Vaginal tape vs. surgery for stress incontinence

Vaginal tape vs. surgery for stress incontinence

Anne D. Walling

Up to 30 percent of women experience urinary incontinence at some time during their lives. In approximately one half of these women, the etiology is isolated stress incontinence. In an additional 29 percent of women, stress and urge incontinence are present. Although up to one half of women with incontinence benefit from physiotherapy and other conservative treatments, surgery frequently is recommended to control symptoms. Various techniques have been used to provide support of the bladder neck and provide functional urinary continence.
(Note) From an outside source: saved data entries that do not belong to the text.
lemma lin_indep_pair_new_old:
  assumes z: "z \<in> {u, v}" and x: "x \<in> V"
  shows "lin_indep_pair (\<psi> z) (\<psi> x)"
proof (cases "x = w")
  case True
  then show ?thesis
    using z x rep psi_new_nonzero psi_new_orthogonal
    by (intro lin_indep_pair_orthogonal) (auto simp: orth_rep_def psi_old)
next
  case False
  \<comment> \<open>The other new vector is orthogonal to \<psi> z but not to \<phi> x.\<close>
  obtain z' where "z' \<in> {u, v}" "\<psi> z' \<bullet> \<psi> z = 0" using psi_new_partner[OF z] .
  with False z x show ?thesis
    by (intro lin_indep_pair_if_separated[of "\<psi> z'"] psi_new_nonzero)
      (auto simp: psi_new_orthogonal)
qed

lemma pairwise_lin_indep_extension: "pairwise_lin_indep W \<psi>"
  unfolding pairwise_lin_indep_iff
proof (intro ballI impI)
  fix x y assume x: "x \<in> W" and y: "y \<in> W" and xy: "x \<noteq> y"
  consider "x \<in> V" "y \<in> V" | "x \<in> {u, v}" "y \<in> V" | "x \<in> V" "y \<in> {u, v}"
    | "{x, y} = {u, v}"
    using x y xy by auto
  then show "lin_indep_pair (\<psi> x) (\<psi> y)"
  proof cases
    case 1
    then show ?thesis using indep xy by (simp add: pairwise_lin_indep_iff psi_old)
  next
    case 2
    then show ?thesis by (rule lin_indep_pair_new_old)
  next
    case 3
    then show ?thesis by (subst lin_indep_pair_commute) (rule lin_indep_pair_new_old)
  next
    case 4
    then show ?thesis
      using pq p q
      by (auto simp: doubleton_eq_iff inner_commute psi_u psi_v intro: lin_indep_pair_orthogonal)
  qed
qed

end

theorem lemma4p6:
  fixes V :: "'a set" and E :: "'a \<Rightarrow> 'a \<Rightarrow> bool" and w u v :: 'a
  assumes "simple_graph V E"
    and "graph_connected V E"
    and "pendant V E w"
    and "u \<notin> V" and "v \<notin> V" and "u \<noteq> v"
    and "\<exists>\<phi>. orth_rep V (complement V E) \<phi> \<and> pairwise_lin_indep V \<phi>"
  shows "\<exists>\<psi>. orth_rep (V \<union> {u, v}) (complement (V \<union> {u, v}) (add_triangle E w u v)) \<psi>
              \<and> pairwise_lin_indep (V \<union> {u, v}) \<psi>"
proof -
  obtain \<phi> where rep: "orth_rep V (complement V E) \<phi>" and indep: "pairwise_lin_indep V \<phi>"
    using assms(7) by blast
  have w: "w \<in> V" using assms(3) by (simp add: pendant_def)
  have "\<phi> w \<noteq> 0" using rep w by (simp add: orth_rep_def)
  moreover have "finite (\<phi> ` (V - {w}))" using assms(1) by (simp add: simple_graph_def)
  moreover have "y \<notin> span {\<phi> w}" if "y \<in> \<phi> ` (V - {w})" for y
    using that indep w by (auto simp: pairwise_lin_indep_iff dest: lin_indep_pair_not_in_span)
  ultimately obtain p q where "p \<noteq> 0" "q \<noteq> 0" "p \<bullet> \<phi> w = 0" "q \<bullet> \<phi> w = 0" "p \<bullet> q = 0"
    "\<And>x. x \<in> V \<Longrightarrow> x \<noteq> w \<Longrightarrow> p \<bullet> \<phi> x \<noteq> 0 \<and> q \<bullet> \<phi> x \<noteq> 0"
    by (rule orthogonal_pair_avoiding_finite_real3) auto
  then interpret triangle_extension V E w u v \<phi> p q
    using assms(1,4-6) w rep indep by unfold_locales
  show ?thesis using orth_rep_extension pairwise_lin_indep_extension by blast
qed

end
More recently, support of the mid-urethra has been advocated, and a minimally invasive procedure, the tension-free vaginal tape (TVT) procedure, has been developed. Valpas and colleagues compared TVT and laparoscopic mesh colposuspension in a randomized clinical trial.
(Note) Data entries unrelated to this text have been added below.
lemma stretched_powser:
  fixes c :: "nat \<Rightarrow> real"
  assumes \<alpha>: "\<alpha> < 1" and \<alpha>\<gamma>: "0 < \<alpha> + \<gamma>" and c: "\<And>x. summable (\<lambda>n. c n * x ^ n)"
    and f: "\<And>\<tau>. 0 < \<tau> \<Longrightarrow> f \<tau> = (\<Sum>n. c n * (\<tau> powr (\<alpha> + \<gamma>)) ^ n)"
  shows "summable (\<lambda>n. stretched_coeffs \<alpha> \<gamma> c n * x ^ n)"
    and "\<And>t. 0 < t \<Longrightarrow> stretched \<alpha> \<gamma> f t = (\<Sum>n. stretched_coeffs \<alpha> \<gamma> c n * (t powr (\<alpha> + \<gamma>)) ^ n)"
proof -
  show "summable (\<lambda>n. stretched_coeffs \<alpha> \<gamma> c n * x ^ n)"
    by (rule summable_powser_of_summable_powr[of "\<alpha> + \<gamma>"])
       (use \<alpha>\<gamma> stretched_powser_sums[OF \<alpha> \<alpha>\<gamma> c f] in \<open>auto intro: sums_summable\<close>)
  show "stretched \<alpha> \<gamma> f t = (\<Sum>n. stretched_coeffs \<alpha> \<gamma> c n * (t powr (\<alpha> + \<gamma>)) ^ n)"
    if "0 < t" for t
    using stretched_powser_sums[OF \<alpha> \<alpha>\<gamma> c f that] by (simp add: sums_iff)
qed

lemma ode_powser_coeffs:
  fixes c :: "nat \<Rightarrow> real"
  assumes \<alpha>: "\<alpha> < 1" and \<alpha>\<gamma>: "0 < \<alpha> + \<gamma>"
    and series: "\<forall>t>0. (\<lambda>n. c n * (t powr (\<alpha> + \<gamma>)) ^ n) sums f t"
    and ode: "\<forall>t>0. stretched \<alpha> \<gamma> (stretched \<alpha> \<gamma> f) t + a * stretched \<alpha> \<gamma> f t + b * f t = 0"
  shows "stretched_coeffs \<alpha> \<gamma> (stretched_coeffs \<alpha> \<gamma> c) n + a * stretched_coeffs \<alpha> \<gamma> c n + b * c n = 0"
proof -
  define d where "d = stretched_coeffs \<alpha> \<gamma> c"
  define e where "e = stretched_coeffs \<alpha> \<gamma> d"
  have c: "summable (\<lambda>n. c n * x ^ n)" for x
    by (rule summable_powser_of_summable_powr[of "\<alpha> + \<gamma>"])
       (use \<alpha>\<gamma> series in \<open>auto intro: sums_summable\<close>)
  have f: "\<And>\<tau>. 0 < \<tau> \<Longrightarrow> f \<tau> = (\<Sum>n. c n * (\<tau> powr (\<alpha> + \<gamma>)) ^ n)"
    using series by (simp add: sums_iff)
  have D: "summable (\<lambda>n. d n * x ^ n)"
    "\<And>t. 0 < t \<Longrightarrow> stretched \<alpha> \<gamma> f t = (\<Sum>n. d n * (t powr (\<alpha> + \<gamma>)) ^ n)" for x
    unfolding d_def by (rule stretched_powser[OF \<alpha> \<alpha>\<gamma> c f], assumption)+
  have E: "summable (\<lambda>n. e n * x ^ n)"
    "\<And>t. 0 < t \<Longrightarrow> stretched \<alpha> \<gamma> (stretched \<alpha> \<gamma> f) t = (\<Sum>n. e n * (t powr (\<alpha> + \<gamma>)) ^ n)" for x
    unfolding e_def by (rule stretched_powser[OF \<alpha> \<alpha>\<gamma> D], assumption)+
  have combine: "(\<lambda>n. (e n + a * d n + b * c n) * x ^ n)
      sums ((\<Sum>n. e n * x ^ n) + a * (\<Sum>n. d n * x ^ n) + b * (\<Sum>n. c n * x ^ n))" for x
  proof -
    have "(\<lambda>n. e n * x ^ n + a * (d n * x ^ n) + b * (c n * x ^ n))
        sums ((\<Sum>n. e n * x ^ n) + a * (\<Sum>n. d n * x ^ n) + b * (\<Sum>n. c n * x ^ n))"
      using E(1) D(1) c by (intro sums_add sums_mult summable_sums)
    then show ?thesis by (simp only: distrib_right mult.assoc)
  qed
  have zero: "(\<Sum>n. (e n + a * d n + b * c n) * x ^ n) = 0" if "0 < x" for x
  proof -
    define t where "t = x powr (1 / (\<alpha> + \<gamma>))"
    have t: "0 < t" "t powr (\<alpha> + \<gamma>) = x" using that \<alpha>\<gamma> by (auto simp: t_def powr_powr)
    have "stretched \<alpha> \<gamma> (stretched \<alpha> \<gamma> f) t + a * stretched \<alpha> \<gamma> f t + b * f t = 0"
      using ode t(1) by blast
    from this[unfolded D(2)[OF t(1)] E(2)[OF t(1)] f[OF t(1)] t(2)] show ?thesis
      using combine[of x] by (simp add: sums_iff)
  qed
  have "e n + a * d n + b * c n = 0"
    by (rule powser_eq_0_on_pos_imp_coeffs_eq_0[of "\<lambda>n. e n + a * d n + b * c n"])
       (use combine zero in \<open>auto intro: sums_summable\<close>)
  then show ?thesis by (simp add: d_def e_def)
qed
They studied 121 women with stress incontinence who were referred to six gynecology clinics in Finland. Stress incontinence was confirmed through a test of coughing while in a supine position with 300 mL of saline in the bladder. Women older than 70 years and women with previous surgery for incontinence, repeated urinary tract infections, or contraindications to surgery or anesthesia were excluded from the study, as were women with a body mass index greater than 32 kg per [m.sup.2] or unsuitable preoperative urodynamic evaluation. After evaluation, women were assigned to TVT or laparoscopic mesh colposuspension. In addition to clinical and urodynamic measures, patient outcomes were measured using several validated instruments, including: the Urinary Incontinence Severity Score and the Urge Score to assess symptoms; the King’s College Health Questionnaire to monitor changes in quality of life; the Visual Analog Scale to quantify the severity of incontinence; and the Urinary Incontinence Severity Score to assess social and other types of handicap attributed to incontinence. Patients were evaluated six weeks and one year after surgery.
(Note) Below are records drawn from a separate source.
(* Let $q>0$, $\kappa>0$, $\sigma>0$, $\mu\in\mathbb{R}$, $\theta\in\mathbb{R}$, and let $\psi_X$, $\rho$, $\hat\rho$, $\zeta$, $\hat\zeta$, $d$ be as in the context. Consider the equation $$\psi_X(z)=q,\qquad z\in\mathbb{C}. \tag{$*$}$$ Then: (i) $( * )$ has no solutions, exactly one solution, or exactly two solutions. (ii) $z_0\in\mathbb{C}$ is a solution of $( * )$ if and only if $z_0\in[\hat\rho,0)\cup(0,\rho]$, $z_0\in\{\zeta,\hat\zeta\}$, $d>0$, and $q-1/\kappa\le \mu z_0$. In particular, whenever one of $\zeta,\hat\zeta$ is a solution of $( * )$, we have $\zeta\neq\hat\zeta$. (iii) If $\zeta$ is a solution of $( * )$ then $\zeta>0$; if $\hat\zeta$ is a solution of $( * )$ then $\hat\zeta<0$. Consequently, if both are solutions, then $\hat\rho\le\hat\zeta<0<\zeta\le\rho$. (iv) If $z_0$ solves $( * )$ and $\hat\rho<z_0<\rho$, then $z_0$ is a simple zero of the function $q-\psi_X(z)$ (which is analytic near $z_0$). (v) If $\zeta\in\mathbb{R}$ then $\hat\rho\le\zeta\le\rho$; if $\hat\zeta\in\mathbb{R}$ then $\hat\rho\le\hat\zeta\le\rho$. (vi) Neither $\rho=\hat\zeta$ nor $\hat\rho=\zeta$ is possible. (vii) One has both $\rho=\zeta$ and $\hat\rho=\hat\zeta$ if and only if $\mu=0$ and $q=1/\kappa$.
   Context: Parameters: $q>0,\kappa>0,\sigma>0,\mu\in\mathbb{R},\theta\in\mathbb{R}$. The Laplace exponent of the Normal Inverse Gaussian (NIG) process with parameters $(\theta,\sigma,\kappa,\mu)$ is $$\psi_X(z)=\frac1\kappa-\frac1\kappa\sqrt{1-2\kappa\theta z-\kappa\sigma^2z^2}+\mu z,$$ where $\sqrt{\cdot}$ denotes the principal square root (values with nonnegative real part; for a negative real number $-y$ it equals $\iota\sqrt{y}$), $\iota=\sqrt{-1}$. Put $$\rho:=\frac{-\theta+\sqrt{\theta^2+\sigma^2/\kappa}}{\sigma^2},\qquad \hat\rho:=\frac{-\theta-\sqrt{\theta^2+\sigma^2/\kappa}}{\sigma^2},$$ so that $p(z):=1-2\kappa\theta z-\kappa\sigma^2z^2=(1-z/\rho)(1-z/\hat\rho)$ and $\hat\rho<0<\rho$. Further put $$d:=\theta^2+\mu^2-2\theta\mu(q\kappa-1)+q\sigma^2(2-q\kappa),$$ $$\zeta:=\frac{-\theta-\mu+\kappa\mu q+\sqrt d}{\kappa\mu^2+\sigma^2},\qquad \hat\zeta:=\frac{-\theta-\mu+\kappa\mu q-\sqrt d}{\kappa\mu^2+\sigma^2},$$ which are the two roots of the quadratic equation $p(z)=(1-q\kappa+\kappa\mu z)^2$ (possibly complex). *)

theory Defs
  imports "HOL-Analysis.Analysis"
begin

text \<open>Laplace exponent of the NIG process, with the principal complex square root csqrt
  (Re >= 0; csqrt of a negative real -y is i * sqrt y).\<close>
definition psiX :: "real \<Rightarrow> real \<Rightarrow> real \<Rightarrow> real \<Rightarrow> complex \<Rightarrow> complex" where
  "psiX \<theta> \<sigma> \<kappa> \<mu> z =
     1 / of_real \<kappa>
     - 1 / of_real \<kappa> * csqrt (1 - 2 * of_real \<kappa> * of_real \<theta> * z - of_real \<kappa> * (of_real \<sigma>)\<^sup>2 * z\<^sup>2)
     + of_real \<mu> * z"

definition rhoNIG :: "real \<Rightarrow> real \<Rightarrow> real \<Rightarrow> real" where
  "rhoNIG \<theta> \<sigma> \<kappa> = (- \<theta> + sqrt (\<theta>\<^sup>2 + \<sigma>\<^sup>2 / \<kappa>)) / \<sigma>\<^sup>2"

definition rhohatNIG :: "real \<Rightarrow> real \<Rightarrow> real \<Rightarrow> real" where
  "rhohatNIG \<theta> \<sigma> \<kappa> = (- \<theta> - sqrt (\<theta>\<^sup>2 + \<sigma>\<^sup>2 / \<kappa>)) / \<sigma>\<^sup>2"

definition dNIG :: "real \<Rightarrow> real \<Rightarrow> real \<Rightarrow> real \<Rightarrow> real \<Rightarrow> real" where
  "dNIG q \<theta> \<sigma> \<kappa> \<mu> = \<theta>\<^sup>2 + \<mu>\<^sup>2 - 2 * \<theta> * \<mu> * (q * \<kappa> - 1) + q * \<sigma>\<^sup>2 * (2 - q * \<kappa>)"

definition zetaNIG :: "real \<Rightarrow> real \<Rightarrow> real \<Rightarrow> real \<Rightarrow> real \<Rightarrow> complex" where
  "zetaNIG q \<theta> \<sigma> \<kappa> \<mu> =
     (of_real (- \<theta> - \<mu> + \<kappa> * \<mu> * q) + csqrt (of_real (dNIG q \<theta> \<sigma> \<kappa> \<mu>)))
     / of_real (\<kappa> * \<mu>\<^sup>2 + \<sigma>\<^sup>2)"

definition zetahatNIG :: "real \<Rightarrow> real \<Rightarrow> real \<Rightarrow> real \<Rightarrow> real \<Rightarrow> complex" where
  "zetahatNIG q \<theta> \<sigma> \<kappa> \<mu> =
     (of_real (- \<theta> - \<mu> + \<kappa> * \<mu> * q) - csqrt (of_real (dNIG q \<theta> \<sigma> \<kappa> \<mu>)))
     / of_real (\<kappa> * \<mu>\<^sup>2 + \<sigma>\<^sup>2)"

end

theory Submission
  imports Defs
begin

text \<open>
  Since \<open>\<kappa> > 0\<close>, \<open>\<psi>(z) = q\<close> says \<open>csqrt (p z) = w z\<close> for the affine function
  \<open>w z = 1 - q\<kappa> + \<kappa>\<mu> z\<close>, i.e. \<open>(w z)\<^sup>2 = p z\<close> with \<open>w z\<close> on the principal branch.
  With \<open>D = \<sigma>\<^sup>2 + \<kappa>\<mu>\<^sup>2\<close> (\<open>zeta_den\<close>) and \<open>b = \<kappa>\<mu>q - \<theta> - \<mu>\<close> (\<open>zeta_mid\<close>) one has
  \<open>D ((w z)\<^sup>2 - p z) = \<kappa> ((D z - b)\<^sup>2 - d)\<close>, so the roots of the squared equation are
  exactly \<open>\<zeta>\<close> and \<open>\<zeta>h\<close>. At a non-real root, the real and imaginary parts of
  \<open>(w z)\<^sup>2 = p z\<close> force \<open>Re (w z) < 0\<close>, so all solutions are real. At a real root \<open>x\<close>,
  \<open>\<kappa> x (D x - b) = (w x - 1)\<^sup>2/2 + q\<kappa> w x + \<kappa>\<sigma>\<^sup>2 x\<^sup>2/2\<close>, which is positive when
  \<open>w x \<ge> 0\<close> and \<open>x \<noteq> 0\<close>; as \<open>D x - b = \<plusminus>\<surd>d\<close>, this makes \<open>\<zeta>\<close> positive, \<open>\<zeta>h\<close> negative
  and \<open>d > 0\<close>. The factorisation \<open>p x = -\<kappa>\<sigma>\<^sup>2 (x - \<rho>)(x - \<rho>h)\<close> confines real roots
  to \<open>[\<rho>h, \<rho>]\<close>, and inside this interval the derivative of \<open>\<psi>\<close> at a solution is
  \<open>(D x - b) / w x \<noteq> 0\<close>.
\<close>

lemma csqrt_eq_iff: "csqrt S = T \<longleftrightarrow> T\<^sup>2 = S \<and> (0 < Re T \<or> Re T = 0 \<and> 0 \<le> Im T)"
  using csqrt_unique csqrt_principal power2_csqrt by metis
The two groups were well balanced in all significant variables. The average age was 48 to 50 years, and the average duration of symptoms was six to eight years. Five women were lost to follow-up. After one year, 60 women (85.7 percent) treated with TVT had a negative stress test compared with 29 women (56.9 percent) who underwent colposuspension (see accompanying table). The reduction in the mean values of the 48-hour pad test also was significantly greater in the TVT group. At one year, only one patient in the TVT group reported using medication for incontinence, and none used pads; in the colposuspension group, three women were using medication and six required pads. The TVT procedure also was significantly better than colposuspension in measures of patient satisfaction. The procedure met expectations for 82.9 percent of TVT patients; only 58.8 percent of colposuspension patients said their treatment met their expectations. Similarly, 92.9 percent of the TVT group said they would recommend the procedure to a friend compared with 74.5 percent of the colposuspension group.

The authors conclude that TVT surgery provides a higher rate of cure in women with urinary incontinence. It also is associated with better patient-related outcomes than laparoscopic mesh colposuspension.

Valpas A, et al. Tension-free vaginal tape and laparoscopic mesh colposuspension for stress urinary incontinence. Obstet Gynecol July 2004;104:42-9.